Store data in ADLS by partitioning files based on Year Month and Day using ADF

Praveenraj R K 61 Reputation points Microsoft Employee
2023-05-23T11:01:26.1666667+00:00

Hi All,

I need to perform the below steps. Please advice how to achieve these steps ?

  1. I need to query data from source azure SQL DB (data extraction from sql tables and no modification to be done in source system like creating stored procedures,etc..) and store data in ADLS by partitioning files (partition on the timestamp data available in tables and not on the utc datetime) based on Year, Month and Day using ADF. Could you please advice how to achieve this in ADF ?
  2. Also need to truncate and load the data in ADLS for the current and previous week data alone using ADF.
Azure Data Factory
Azure Data Factory
An Azure service for ingesting, preparing, and transforming data at scale.
9,517 questions
0 comments No comments
{count} votes

1 answer

Sort by: Most helpful
  1. VasimTamboli 4,410 Reputation points
    2023-05-23T13:55:13.2066667+00:00

    To achieve the steps you mentioned using Azure Data Factory (ADF), you can follow these guidelines:

    Create Linked Services:

    • Create a Linked Service for your source Azure SQL DB to establish a connection.
    • Create a Linked Service for your target Azure Data Lake Storage (ADLS) to define the destination.

    Create Datasets:

    • Create a dataset for your source Azure SQL DB, specifying the table(s) you want to extract data from.
    • Create a dataset for your target ADLS, defining the folder structure and partitioning scheme.

    Create Pipelines:

    • Create a pipeline to extract data from the source Azure SQL DB. Use the Copy Activity to copy data from the source dataset to the target ADLS dataset.
    • Configure the Copy Activity to use a dynamic file path for partitioning based on Year, Month, and Day. You can use expressions like @concat('/year=', formatDateTime(utcnow(), 'yyyy'), '/month=', formatDateTime(utcnow(), 'MM'), '/day=', formatDateTime(utcnow(), 'dd')).

    Add Activities for Truncation and Load:

    • To truncate and load the data for the current and previous week, you can add a Lookup Activity before the Copy Activity in the pipeline.
    • In the Lookup Activity, query the target ADLS to retrieve the latest date for which data is already present.
    • Use the retrieved date to filter the source data in the Copy Activity using a WHERE clause. For example, WHERE dateColumn >= @activity('LookupActivity').output.firstRow.latestDate.

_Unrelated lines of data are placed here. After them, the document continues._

lemma lin_homeo_inv_into:
  assumes S: "hilbert_carrier sc S ipS" and T: "hilbert_carrier sc T ipT"
    and W: "lin_homeo sc S ipS T ipT W"
  shows "lin_homeo sc T ipT S ipS (inv_into S W)"
proof -
  interpret S: hilbert_carrier sc S ipS by (rule S)
  interpret T: hilbert_carrier sc T ipT by (rule T)
  have bij: "bij_betw W S T" and lin: "lin_on sc sc S W"
    using W unfolding lin_homeo_def by auto
  have inv_S: "inv_into S W k \<in> S" and W_inv: "W (inv_into S W k) = k" if "k \<in> T" for k
    using bij_betw_inv_into_right[OF bij that] bij_betwE[OF bij_betw_inv_into[OF bij]] that by auto
  have inv_W: "inv_into S W (W a) = a" if "a \<in> S" for a
    using bij_betw_inv_into_left[OF bij that] .
  have "lin_on sc sc T (inv_into S W)"
    unfolding lin_on_def
  proof (intro conjI ballI allI)
    show "module.subspace sc T" by (rule T.subspace_carrier)
    show "inv_into S W (k + l) = inv_into S W k + inv_into S W l" if "k \<in> T" "l \<in> T" for k l
    proof -
      have "W (inv_into S W k + inv_into S W l) = k + l"
        using lin inv_S W_inv that unfolding lin_on_def by simp
      then show ?thesis using inv_W[OF S.mem_add[OF inv_S[OF that(1)] inv_S[OF that(2)]]] by simp
    qed
    show "inv_into S W (sc c k) = sc c (inv_into S W k)" if "k \<in> T" for k c
    proof -
      have "W (sc c (inv_into S W k)) = sc c k"
        using lin inv_S W_inv that unfolding lin_on_def by simp
      then show ?thesis using inv_W[OF S.mem_scale[OF inv_S[OF that], of c]] by simp
    qed
  qed
  moreover have "continuous_betw S ipS T ipT (inv_into T (inv_into S W))"
    using W continuous_betw_cong[of S "inv_into T (inv_into S W)" W] inv_into_inv_into_eq[OF bij]
    unfolding lin_homeo_def by blast
  ultimately show ?thesis
    using W bij_betw_inv_into[OF bij] unfolding lin_homeo_def by blast
qed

    Schedule and Execute the Pipeline:

    • Set up a trigger or schedule for the pipeline to run at the desired frequency.
    • Execute the pipeline to start the data extraction, transformation, and loading process.

    By following these steps, you can query data from the source Azure SQL DB, partition the files in ADLS based on the specified timestamp column, and truncate/load data for the current and previous week using Azure Data Factory.